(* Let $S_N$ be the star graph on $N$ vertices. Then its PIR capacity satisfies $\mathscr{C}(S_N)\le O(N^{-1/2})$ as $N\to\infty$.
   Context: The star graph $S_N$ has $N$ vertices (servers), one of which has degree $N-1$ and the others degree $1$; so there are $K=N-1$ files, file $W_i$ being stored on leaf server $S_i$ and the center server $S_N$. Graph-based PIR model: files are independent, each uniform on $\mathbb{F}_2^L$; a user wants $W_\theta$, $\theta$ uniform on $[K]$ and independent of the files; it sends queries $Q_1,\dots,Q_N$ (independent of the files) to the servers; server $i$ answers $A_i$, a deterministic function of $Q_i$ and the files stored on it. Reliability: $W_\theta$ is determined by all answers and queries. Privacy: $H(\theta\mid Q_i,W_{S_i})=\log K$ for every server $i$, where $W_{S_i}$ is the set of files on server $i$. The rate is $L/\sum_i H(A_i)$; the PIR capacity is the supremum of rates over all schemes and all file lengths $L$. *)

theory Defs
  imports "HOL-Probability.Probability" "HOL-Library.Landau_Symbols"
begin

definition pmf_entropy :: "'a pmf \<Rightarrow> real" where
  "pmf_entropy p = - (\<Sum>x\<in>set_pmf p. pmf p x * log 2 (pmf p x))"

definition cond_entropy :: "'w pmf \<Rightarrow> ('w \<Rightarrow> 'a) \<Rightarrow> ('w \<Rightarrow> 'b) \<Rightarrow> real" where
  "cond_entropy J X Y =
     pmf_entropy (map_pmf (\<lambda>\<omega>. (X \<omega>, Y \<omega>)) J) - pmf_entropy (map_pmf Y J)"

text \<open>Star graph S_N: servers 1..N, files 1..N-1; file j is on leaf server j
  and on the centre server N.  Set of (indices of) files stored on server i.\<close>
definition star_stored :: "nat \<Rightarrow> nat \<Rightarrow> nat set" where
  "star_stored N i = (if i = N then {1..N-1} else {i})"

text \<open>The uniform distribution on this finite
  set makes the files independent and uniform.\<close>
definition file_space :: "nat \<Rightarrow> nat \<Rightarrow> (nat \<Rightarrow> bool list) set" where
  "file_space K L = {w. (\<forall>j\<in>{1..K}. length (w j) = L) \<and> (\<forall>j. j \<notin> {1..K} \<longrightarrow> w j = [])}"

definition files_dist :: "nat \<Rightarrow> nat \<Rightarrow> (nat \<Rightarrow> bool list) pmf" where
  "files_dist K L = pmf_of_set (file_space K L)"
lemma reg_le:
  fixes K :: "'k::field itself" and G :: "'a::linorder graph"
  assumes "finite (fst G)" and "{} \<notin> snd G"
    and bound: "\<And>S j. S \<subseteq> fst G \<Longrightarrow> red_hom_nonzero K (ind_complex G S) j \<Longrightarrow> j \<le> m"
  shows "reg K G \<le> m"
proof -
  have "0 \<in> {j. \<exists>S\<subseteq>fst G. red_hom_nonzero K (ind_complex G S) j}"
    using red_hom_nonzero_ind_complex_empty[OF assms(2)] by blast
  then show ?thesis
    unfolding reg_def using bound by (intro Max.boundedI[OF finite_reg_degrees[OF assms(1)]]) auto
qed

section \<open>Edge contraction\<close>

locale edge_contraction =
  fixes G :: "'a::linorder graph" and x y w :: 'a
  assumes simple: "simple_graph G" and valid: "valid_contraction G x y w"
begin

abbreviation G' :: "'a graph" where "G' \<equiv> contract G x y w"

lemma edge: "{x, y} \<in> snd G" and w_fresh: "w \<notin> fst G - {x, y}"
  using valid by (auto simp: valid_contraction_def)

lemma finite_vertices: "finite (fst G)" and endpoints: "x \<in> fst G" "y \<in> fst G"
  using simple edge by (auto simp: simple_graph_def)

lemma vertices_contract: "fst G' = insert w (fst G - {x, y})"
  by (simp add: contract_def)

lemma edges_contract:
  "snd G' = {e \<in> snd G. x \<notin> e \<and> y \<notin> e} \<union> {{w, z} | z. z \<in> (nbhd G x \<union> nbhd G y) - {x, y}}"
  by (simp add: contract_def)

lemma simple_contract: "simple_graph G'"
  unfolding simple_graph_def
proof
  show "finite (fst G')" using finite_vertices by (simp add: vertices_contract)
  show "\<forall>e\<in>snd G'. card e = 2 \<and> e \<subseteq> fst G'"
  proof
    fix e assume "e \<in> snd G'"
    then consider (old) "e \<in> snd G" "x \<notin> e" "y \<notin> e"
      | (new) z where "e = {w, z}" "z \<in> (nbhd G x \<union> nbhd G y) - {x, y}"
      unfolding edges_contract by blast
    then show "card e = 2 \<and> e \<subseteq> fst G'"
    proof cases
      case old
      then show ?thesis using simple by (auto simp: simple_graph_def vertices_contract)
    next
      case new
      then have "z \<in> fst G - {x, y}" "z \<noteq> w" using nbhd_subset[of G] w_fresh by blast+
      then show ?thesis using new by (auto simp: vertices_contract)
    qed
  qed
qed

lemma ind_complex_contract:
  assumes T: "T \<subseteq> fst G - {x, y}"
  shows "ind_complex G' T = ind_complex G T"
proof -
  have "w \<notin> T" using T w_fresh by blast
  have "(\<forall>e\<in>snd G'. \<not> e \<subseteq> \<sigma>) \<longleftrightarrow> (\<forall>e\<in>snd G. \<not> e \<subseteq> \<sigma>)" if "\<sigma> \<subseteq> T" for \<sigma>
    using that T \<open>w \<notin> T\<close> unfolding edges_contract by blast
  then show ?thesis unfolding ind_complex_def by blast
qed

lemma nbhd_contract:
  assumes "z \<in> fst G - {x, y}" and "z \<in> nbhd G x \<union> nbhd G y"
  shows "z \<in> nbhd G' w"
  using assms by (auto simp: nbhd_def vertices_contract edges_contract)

...

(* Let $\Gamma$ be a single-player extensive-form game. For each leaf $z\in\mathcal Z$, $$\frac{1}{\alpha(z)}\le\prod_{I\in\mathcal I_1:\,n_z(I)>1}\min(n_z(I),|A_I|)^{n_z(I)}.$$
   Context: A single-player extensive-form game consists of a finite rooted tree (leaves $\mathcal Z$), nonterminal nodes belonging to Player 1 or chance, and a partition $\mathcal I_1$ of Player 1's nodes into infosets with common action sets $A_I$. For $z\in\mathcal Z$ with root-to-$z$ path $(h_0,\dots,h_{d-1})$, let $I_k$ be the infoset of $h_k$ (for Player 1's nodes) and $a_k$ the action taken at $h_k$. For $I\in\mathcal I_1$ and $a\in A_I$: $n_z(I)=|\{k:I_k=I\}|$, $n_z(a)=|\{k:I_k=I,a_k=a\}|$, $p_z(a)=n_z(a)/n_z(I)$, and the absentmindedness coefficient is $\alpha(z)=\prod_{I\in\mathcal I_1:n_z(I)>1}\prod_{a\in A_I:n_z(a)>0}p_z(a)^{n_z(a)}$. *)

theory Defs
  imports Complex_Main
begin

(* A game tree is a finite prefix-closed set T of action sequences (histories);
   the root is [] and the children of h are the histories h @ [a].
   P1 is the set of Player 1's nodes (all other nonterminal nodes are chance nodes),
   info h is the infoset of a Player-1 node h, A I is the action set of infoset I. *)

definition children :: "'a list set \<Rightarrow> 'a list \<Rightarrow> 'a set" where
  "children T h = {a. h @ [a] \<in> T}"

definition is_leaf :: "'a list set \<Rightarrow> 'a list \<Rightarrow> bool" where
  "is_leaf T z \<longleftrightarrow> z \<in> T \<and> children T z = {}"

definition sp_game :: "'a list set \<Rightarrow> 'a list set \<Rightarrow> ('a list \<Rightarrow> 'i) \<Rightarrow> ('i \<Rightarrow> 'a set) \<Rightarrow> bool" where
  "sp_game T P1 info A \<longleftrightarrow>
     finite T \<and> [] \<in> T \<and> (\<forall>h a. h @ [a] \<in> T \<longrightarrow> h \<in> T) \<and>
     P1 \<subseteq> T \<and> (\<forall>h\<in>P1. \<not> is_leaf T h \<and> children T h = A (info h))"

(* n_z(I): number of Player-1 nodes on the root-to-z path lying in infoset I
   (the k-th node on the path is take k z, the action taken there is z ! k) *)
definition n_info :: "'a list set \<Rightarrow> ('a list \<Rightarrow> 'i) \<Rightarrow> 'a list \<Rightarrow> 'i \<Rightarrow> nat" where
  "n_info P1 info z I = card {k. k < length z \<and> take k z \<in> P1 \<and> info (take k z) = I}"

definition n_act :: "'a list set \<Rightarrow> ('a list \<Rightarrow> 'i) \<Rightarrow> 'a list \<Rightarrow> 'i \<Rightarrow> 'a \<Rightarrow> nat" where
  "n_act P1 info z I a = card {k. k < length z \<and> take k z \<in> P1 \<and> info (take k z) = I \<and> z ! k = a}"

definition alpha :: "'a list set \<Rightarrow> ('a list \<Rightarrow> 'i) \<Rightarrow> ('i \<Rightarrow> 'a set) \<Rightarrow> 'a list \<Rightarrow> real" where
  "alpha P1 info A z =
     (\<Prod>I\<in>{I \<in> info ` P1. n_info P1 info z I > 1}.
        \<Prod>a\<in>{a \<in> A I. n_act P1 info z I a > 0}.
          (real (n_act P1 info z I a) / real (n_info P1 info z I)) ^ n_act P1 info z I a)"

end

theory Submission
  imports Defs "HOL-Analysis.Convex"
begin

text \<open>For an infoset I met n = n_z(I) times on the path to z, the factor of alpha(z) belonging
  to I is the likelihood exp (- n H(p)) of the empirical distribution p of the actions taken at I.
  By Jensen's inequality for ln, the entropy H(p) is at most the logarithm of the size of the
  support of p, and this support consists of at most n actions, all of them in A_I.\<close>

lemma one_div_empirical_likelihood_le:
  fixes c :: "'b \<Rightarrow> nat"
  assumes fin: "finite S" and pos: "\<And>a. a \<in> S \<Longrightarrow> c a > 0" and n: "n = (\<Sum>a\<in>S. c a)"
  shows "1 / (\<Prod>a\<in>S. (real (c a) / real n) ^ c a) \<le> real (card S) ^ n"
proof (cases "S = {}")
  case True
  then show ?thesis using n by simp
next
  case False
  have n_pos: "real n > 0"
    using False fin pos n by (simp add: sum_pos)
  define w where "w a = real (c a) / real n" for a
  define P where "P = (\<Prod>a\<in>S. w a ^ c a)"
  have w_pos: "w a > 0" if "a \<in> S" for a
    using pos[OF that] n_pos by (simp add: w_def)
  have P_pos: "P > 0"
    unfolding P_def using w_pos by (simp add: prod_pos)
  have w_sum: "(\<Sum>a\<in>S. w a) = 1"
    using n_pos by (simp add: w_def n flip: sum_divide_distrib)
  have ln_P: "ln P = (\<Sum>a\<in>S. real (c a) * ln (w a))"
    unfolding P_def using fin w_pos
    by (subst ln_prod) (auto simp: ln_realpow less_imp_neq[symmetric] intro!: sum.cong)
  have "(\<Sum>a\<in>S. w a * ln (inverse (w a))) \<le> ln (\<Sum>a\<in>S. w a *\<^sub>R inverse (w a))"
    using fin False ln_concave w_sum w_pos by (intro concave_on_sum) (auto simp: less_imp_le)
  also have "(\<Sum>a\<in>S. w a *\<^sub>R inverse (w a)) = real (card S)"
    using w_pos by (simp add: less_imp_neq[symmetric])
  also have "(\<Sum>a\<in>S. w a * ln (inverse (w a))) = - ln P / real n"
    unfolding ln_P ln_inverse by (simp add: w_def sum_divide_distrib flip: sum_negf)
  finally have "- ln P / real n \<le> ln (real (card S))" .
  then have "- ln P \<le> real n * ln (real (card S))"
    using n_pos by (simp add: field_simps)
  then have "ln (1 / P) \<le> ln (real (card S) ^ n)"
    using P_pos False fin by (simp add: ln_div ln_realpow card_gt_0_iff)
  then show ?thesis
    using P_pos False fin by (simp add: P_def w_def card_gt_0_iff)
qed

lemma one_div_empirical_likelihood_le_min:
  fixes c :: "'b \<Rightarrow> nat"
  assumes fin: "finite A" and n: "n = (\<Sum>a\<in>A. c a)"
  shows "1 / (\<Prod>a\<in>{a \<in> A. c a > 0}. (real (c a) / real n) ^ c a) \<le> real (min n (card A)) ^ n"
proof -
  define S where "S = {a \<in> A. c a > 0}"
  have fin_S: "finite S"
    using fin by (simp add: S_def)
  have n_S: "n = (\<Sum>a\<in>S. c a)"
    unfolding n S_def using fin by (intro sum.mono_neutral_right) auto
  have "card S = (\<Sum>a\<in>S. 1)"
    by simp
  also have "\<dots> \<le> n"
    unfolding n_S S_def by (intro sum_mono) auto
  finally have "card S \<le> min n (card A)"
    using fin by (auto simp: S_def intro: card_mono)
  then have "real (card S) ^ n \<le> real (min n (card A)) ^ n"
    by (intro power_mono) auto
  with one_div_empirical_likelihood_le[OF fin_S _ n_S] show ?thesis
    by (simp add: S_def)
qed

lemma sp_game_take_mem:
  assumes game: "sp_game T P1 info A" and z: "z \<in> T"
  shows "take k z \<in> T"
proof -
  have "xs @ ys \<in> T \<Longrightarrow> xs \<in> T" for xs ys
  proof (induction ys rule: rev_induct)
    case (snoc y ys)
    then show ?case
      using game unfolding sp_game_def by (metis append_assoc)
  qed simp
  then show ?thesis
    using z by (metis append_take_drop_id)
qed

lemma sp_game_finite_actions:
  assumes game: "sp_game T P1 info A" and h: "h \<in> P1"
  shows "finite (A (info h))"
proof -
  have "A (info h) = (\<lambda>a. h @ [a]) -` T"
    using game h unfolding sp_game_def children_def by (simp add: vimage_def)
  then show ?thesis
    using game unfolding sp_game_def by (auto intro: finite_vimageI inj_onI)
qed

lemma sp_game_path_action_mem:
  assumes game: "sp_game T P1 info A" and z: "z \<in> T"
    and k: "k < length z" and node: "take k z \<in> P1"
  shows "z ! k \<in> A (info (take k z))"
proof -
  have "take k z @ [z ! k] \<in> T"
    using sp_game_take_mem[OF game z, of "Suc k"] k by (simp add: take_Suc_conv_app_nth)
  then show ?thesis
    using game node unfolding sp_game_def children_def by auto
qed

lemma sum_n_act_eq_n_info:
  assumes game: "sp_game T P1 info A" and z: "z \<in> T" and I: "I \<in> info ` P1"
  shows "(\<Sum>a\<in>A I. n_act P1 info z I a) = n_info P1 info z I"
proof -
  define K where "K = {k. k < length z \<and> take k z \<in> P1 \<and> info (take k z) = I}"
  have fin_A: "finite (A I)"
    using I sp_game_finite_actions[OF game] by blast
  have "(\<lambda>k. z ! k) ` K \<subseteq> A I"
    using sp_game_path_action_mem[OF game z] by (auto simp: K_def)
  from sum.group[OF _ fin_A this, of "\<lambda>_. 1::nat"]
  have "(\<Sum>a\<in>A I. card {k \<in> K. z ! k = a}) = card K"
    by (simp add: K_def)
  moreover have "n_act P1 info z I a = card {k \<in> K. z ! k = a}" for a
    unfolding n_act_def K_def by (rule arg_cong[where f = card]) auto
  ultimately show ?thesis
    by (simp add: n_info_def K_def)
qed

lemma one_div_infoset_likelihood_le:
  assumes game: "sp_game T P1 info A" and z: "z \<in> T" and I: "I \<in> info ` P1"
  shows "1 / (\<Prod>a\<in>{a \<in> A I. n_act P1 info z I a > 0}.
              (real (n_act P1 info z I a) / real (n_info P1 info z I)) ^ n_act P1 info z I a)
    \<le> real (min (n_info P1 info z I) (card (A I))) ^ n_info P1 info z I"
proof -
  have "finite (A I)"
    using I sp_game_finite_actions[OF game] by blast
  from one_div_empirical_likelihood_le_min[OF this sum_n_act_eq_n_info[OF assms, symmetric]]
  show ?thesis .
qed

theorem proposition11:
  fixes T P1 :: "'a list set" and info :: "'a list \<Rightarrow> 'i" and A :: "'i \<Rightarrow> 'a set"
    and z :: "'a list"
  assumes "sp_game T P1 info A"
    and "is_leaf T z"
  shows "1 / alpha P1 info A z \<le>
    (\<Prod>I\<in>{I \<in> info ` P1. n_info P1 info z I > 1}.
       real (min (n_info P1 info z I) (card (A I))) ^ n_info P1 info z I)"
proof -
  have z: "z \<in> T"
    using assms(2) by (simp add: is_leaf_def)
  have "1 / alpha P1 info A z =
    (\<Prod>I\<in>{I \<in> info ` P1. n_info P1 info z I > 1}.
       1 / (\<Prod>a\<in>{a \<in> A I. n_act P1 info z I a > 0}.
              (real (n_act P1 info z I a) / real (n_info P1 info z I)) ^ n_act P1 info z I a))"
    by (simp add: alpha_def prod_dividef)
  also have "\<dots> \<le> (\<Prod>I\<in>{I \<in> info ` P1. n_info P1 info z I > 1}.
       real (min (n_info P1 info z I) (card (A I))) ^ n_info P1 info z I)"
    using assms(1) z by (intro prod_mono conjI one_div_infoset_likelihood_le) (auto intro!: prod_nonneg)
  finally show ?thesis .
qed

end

EXERCISE DETAILS — Your reply should be the number of lines in the listing above that contain "metis", with nothing added.

EXPECTED ANSWER — 2